Border Patrol Needs Automated Sensors to Cover Watery Blindspots
Homeland Security is looking for a technical solution to give border agents situational awareness about illegal watercraft and the potential risks of interdiction.
Customs and Border Protection has been using technology to beef up its ability to detect people and objects moving illegally across the border.
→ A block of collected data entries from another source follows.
lemma distr_shifted_block_eq_PiM:
  fixes M :: "'a measure" and Y :: "nat \<Rightarrow> 'a \<Rightarrow> 'b::topological_space"
  assumes "prob_space M"
    and rv: "\<And>i. Y i \<in> borel_measurable M"
    and ind: "prob_space.indep_vars M (\<lambda>_. borel) Y I" and sub: "{s..<s + m} \<subseteq> I" and "0 < m"
    and dist: "\<And>i. i < m \<Longrightarrow> distr M borel (Y (s + i)) = G"
  shows "(\<lambda>\<omega>. \<lambda>i\<in>{..<m}. Y (s + i) \<omega>) \<in> measurable M (\<Pi>\<^sub>M i\<in>{..<m}. G)"
    and "distr M (\<Pi>\<^sub>M i\<in>{..<m}. G) (\<lambda>\<omega>. \<lambda>i\<in>{..<m}. Y (s + i) \<omega>) = (\<Pi>\<^sub>M i\<in>{..<m}. G)"
proof -
  interpret prob_space M by fact
  define J where "J = {s..<s + m}"
  define shift where "shift = (\<lambda>\<omega>. \<lambda>i\<in>{..<m}. \<omega> (s + i) :: 'b)"
  have G: "G = distr M borel (Y s)" using dist[of 0] \<open>0 < m\<close> by simp
  then have "prob_space G" by (simp add: prob_space_distr rv)
  have dist_J: "distr M borel (Y i) = G" if "i \<in> J" for i
    using that dist[of "i - s"] by (auto simp: J_def)
  have block: "distr M (\<Pi>\<^sub>M i\<in>J. borel) (\<lambda>\<omega>. \<lambda>i\<in>J. Y i \<omega>) = (\<Pi>\<^sub>M i\<in>J. G)"
  proof -
    have "indep_vars (\<lambda>_. borel) Y J" using indep_vars_subset[OF ind] sub by (simp add: J_def)
    then have "distr M (\<Pi>\<^sub>M i\<in>J. borel) (\<lambda>\<omega>. \<lambda>i\<in>J. Y i \<omega>) = (\<Pi>\<^sub>M i\<in>J. distr M borel (Y i))"
      using indep_vars_iff_distr_eq_PiM[of J Y "\<lambda>_. borel"] rv \<open>0 < m\<close> by (simp add: J_def)
    also have "\<dots> = (\<Pi>\<^sub>M i\<in>J. G)" by (rule PiM_cong) (simp_all add: dist_J)
    finally show ?thesis .
  qed
  have reindex: "distr (\<Pi>\<^sub>M i\<in>J. G) (\<Pi>\<^sub>M i\<in>{..<m}. G) shift = (\<Pi>\<^sub>M i\<in>{..<m}. G)"
    using distr_PiM_reindex[of J "\<lambda>_. G" "\<lambda>i. s + i" "{..<m}"] \<open>prob_space G\<close>
    by (auto simp: J_def shift_def inj_on_def)
  have meas_block: "(\<lambda>\<omega>. \<lambda>i\<in>J. Y i \<omega>) \<in> measurable M (\<Pi>\<^sub>M i\<in>J. borel)"
    by (rule measurable_restrict) (simp add: rv)
  have meas_shift: "shift \<in> measurable (\<Pi>\<^sub>M i\<in>J. borel) (\<Pi>\<^sub>M i\<in>{..<m}. G)"
  proof -
    have "sets (\<Pi>\<^sub>M i\<in>{..<m}. G) = sets (\<Pi>\<^sub>M i\<in>{..<m}. (borel :: 'b measure))"
      by (rule sets_PiM_cong) (simp_all add: G)
    moreover have "shift \<in> measurable (\<Pi>\<^sub>M i\<in>J. borel) (\<Pi>\<^sub>M i\<in>{..<m}. borel)"
      unfolding shift_def
      by (rule measurable_restrict) (auto simp: J_def intro!: measurable_component_singleton)
    ultimately show ?thesis using measurable_cong_sets by blast
  qed
  have comp: "(\<lambda>\<omega>. \<lambda>i\<in>{..<m}. Y (s + i) \<omega>) = shift \<circ> (\<lambda>\<omega>. \<lambda>i\<in>J. Y i \<omega>)"
    by (auto simp: shift_def J_def fun_eq_iff)
  show "(\<lambda>\<omega>. \<lambda>i\<in>{..<m}. Y (s + i) \<omega>) \<in> measurable M (\<Pi>\<^sub>M i\<in>{..<m}. G)"
    unfolding comp by (rule measurable_comp[OF meas_block meas_shift])
  show "distr M (\<Pi>\<^sub>M i\<in>{..<m}. G) (\<lambda>\<omega>. \<lambda>i\<in>{..<m}. Y (s + i) \<omega>) = (\<Pi>\<^sub>M i\<in>{..<m}. G)"
    unfolding comp distr_distr[OF meas_shift meas_block, symmetric] block reindex ..
qed

lemma prob_block_sum_sq_gt_le:
  fixes Y :: "nat \<Rightarrow> 'a \<Rightarrow> real^'d"
  assumes "prob_space M"
    and rv: "\<And>i. Y i \<in> borel_measurable M"
    and ind: "prob_space.indep_vars M (\<lambda>_. borel) Y I" and sub: "{s..e} \<subseteq> I" and "s \<le> e"
    and dist: "\<And>i. i \<in> {s..e} \<Longrightarrow> distr M borel (Y i) = G"
    and subgauss: "\<And>n a. n \<ge> 1 \<Longrightarrow> a > 0 \<Longrightarrow>
        measure (PiM {..<n} (\<lambda>_. G))
          {z \<in> space (PiM {..<n} (\<lambda>_. G)). \<bar>(\<Sum>i<n. z i $ d) / real n - \<mu> $ d\<bar> \<ge> a}
        \<le> 2 * exp (- c0 * a\<^sup>2 * real n)"
    and "0 < t"
  shows "measure M {\<omega>\<in>space M. t * real (Suc e - s) < (\<Sum>i=s..e. Y i \<omega> $ d - \<mu> $ d)\<^sup>2}
          \<le> 2 * exp (- c0 * t)"
proof -
  interpret prob_space M by fact
  define m where "m = Suc e - s"
  define W where "W = (\<lambda>\<omega>. \<lambda>i\<in>{..<m}. Y (s + i) \<omega>)"
  define a where "a = sqrt (t / m)"
  define E where "E = {z \<in> space (PiM {..<m} (\<lambda>_. G)). \<bar>(\<Sum>i<m. z i $ d) / real m - \<mu> $ d\<bar> \<ge> a}"
  have "{s..<s + m} \<subseteq> I" "0 < m" and dist_m: "\<And>i. i < m \<Longrightarrow> distr M borel (Y (s + i)) = G"
    using sub dist \<open>s \<le> e\<close> by (auto simp: m_def)
  note W_block = distr_shifted_block_eq_PiM[OF \<open>prob_space M\<close> rv ind this, folded W_def]
  have "0 < a" and a_sq: "a\<^sup>2 * real m = t" using \<open>0 < t\<close> \<open>0 < m\<close> by (simp_all add: a_def)
  have sets_G: "sets G = sets borel" using dist_m[of 0] \<open>0 < m\<close> by auto
  have "(\<lambda>z. \<Sum>i<m. z i $ d) \<in> borel_measurable (PiM {..<m} (\<lambda>_. G))"
    by (intro borel_measurable_sum measurable_compose[OF measurable_component_singleton])
       (auto simp: measurable_cong_sets[OF sets_G refl])
  then have "E \<in> sets (PiM {..<m} (\<lambda>_. G))"
    unfolding E_def by measurable
  have card_s_e: "card {s..e} = m" by (simp add: m_def)
  have sum_shift: "(\<Sum>i<m. W \<omega> i $ d) = (\<Sum>i=s..e. Y i \<omega> $ d)" for \<omega>
  proof -
    have "(\<Sum>i=s..e. Y i \<omega> $ d) = (\<Sum>i=s..<Suc e. Y i \<omega> $ d)"
      by (simp add: atLeastLessThanSuc_atLeastAtMost)
    also have "\<dots> = (\<Sum>i=0..<m. Y (s + i) \<omega> $ d)"
      by (simp only: sum.atLeastLessThan_shift_0[of _ s] comp_def m_def)
    finally show ?thesis by (simp add: W_def lessThan_atLeast0)
  qed
  have "{\<omega>\<in>space M. t * real m < (\<Sum>i=s..e. Y i \<omega> $ d - \<mu> $ d)\<^sup>2} \<subseteq> W -` E \<inter> space M"
  proof
    fix \<omega> assume "\<omega> \<in> {\<omega>\<in>space M. t * real m < (\<Sum>i=s..e. Y i \<omega> $ d - \<mu> $ d)\<^sup>2}"
    then have "\<omega> \<in> space M" and big: "t * real m < (\<Sum>i=s..e. Y i \<omega> $ d - \<mu> $ d)\<^sup>2"
      by auto
    have "(\<Sum>i<m. W \<omega> i $ d) / real m - \<mu> $ d = (\<Sum>i=s..e. Y i \<omega> $ d - \<mu> $ d) / real m"
      using \<open>0 < m\<close> by (simp add: sum_shift sum_subtractf card_s_e field_simps) (simp add: m_def)
    moreover have "a\<^sup>2 < \<bar>(\<Sum>i=s..e. Y i \<omega> $ d - \<mu> $ d) / real m\<bar>\<^sup>2"
      using big \<open>0 < m\<close> a_sq by (simp add: power_divide field_simps power2_eq_square)
    then have "a < \<bar>(\<Sum>i=s..e. Y i \<omega> $ d - \<mu> $ d) / real m\<bar>"
      by (rule power_less_imp_less_base) simp
    moreover have "W \<omega> \<in> space (PiM {..<m} (\<lambda>_. G))"
      using measurable_space[OF W_block(1) \<open>\<omega> \<in> space M\<close>] by (simp add: W_def)
    ultimately show "\<omega> \<in> W -` E \<inter> space M"
      using \<open>\<omega> \<in> space M\<close> by (simp add: E_def less_imp_le)
  qed
  then have "measure M {\<omega>\<in>space M. t * real m < (\<Sum>i=s..e. Y i \<omega> $ d - \<mu> $ d)\<^sup>2}
        \<le> measure M (W -` E \<inter> space M)"
    using W_block(1) \<open>E \<in> _\<close> by (intro finite_measure_mono) (auto intro: measurable_sets)
  also have "\<dots> = measure (PiM {..<m} (\<lambda>_. G)) E"
    using measure_distr[OF W_block(1) \<open>E \<in> _\<close>] W_block(2) by simp
  also have "\<dots> \<le> 2 * exp (- c0 * a\<^sup>2 * real m)"
    unfolding E_def using \<open>0 < m\<close> \<open>0 < a\<close> by (intro subgauss) simp_all
  also have "\<dots> = 2 * exp (- c0 * t)" using a_sq by (simp add: mult.assoc)
  finally show ?thesis by (simp add: m_def)
qed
But the network of sensors still has a major blind spot: waterways.
CBP, through a partnership with Homeland Security Department’s Science and Technology Directorate, is looking for innovative technologies—or combinations of technologies—to provide situational awareness at all bodies of water adjacent to the border, including smaller waterways like streams, rivers and lakes.
Border Patrol “agents are often tasked with performing their border security mission with limited to no surveillance capabilities and limited situational awareness in and around such areas,” according to a request for information posted Tuesday to beta.SAM.gov. “Operational environments often have elevation differences like ridges along banks or deviated shorelines and provide naturally occurring concealment opportunities such as coves and isles and overgrown vegetation. These conditions limit the effectiveness of existing short-, mid-, and long-range surveillance technologies.”
The perfect solution would give border agents real-time information about watercraft—or items of interest—“transiting remote, difficult-to-monitor waterways,” including any people that might be aboard and coming ashore between legal border crossings.
The tools should be fully automated and provide “detection, identification, classification, tracking and alerting” capabilities to help border agents make decisions about when to intercede and the likely level of risk associated. The tech should also be small enough for an agent to carry on their person and easy enough for anyone to use.
The RFI offers a list of required features to give vendors an idea of what the government is asking for, including:
- Small, agent portable.
- Agent deployable/re-deployable.
- Remote unattended sensors for real time.
- Year-round detection.
- Alerting of suspicious activities day and night and in varying weather conditions.
- Incorporate low-power techniques that maximize battery replacement times.
- Include integrated communications to provide reliable methods of backhauling data from remote locations.
- Provide high probabilities of detection and alerting, low false/nuisance alarm rates.
The proposed capabilities must also meet a majority of 10 key success criteria, including: affordability, deployability, autonomy, connectivity, system performance, environmental, simplicity, security, scalability and have an open architecture that enables data sharing. The RFI gives some details on each of the criteria.
Homeland Security is specifically looking for technologies that are beyond the initial development stage and “have already undergone some development and prototyping to ensure that the technologies meet the key success criteria.”
White papers in response to the RFI are due by 3 p.m. Feb. 25.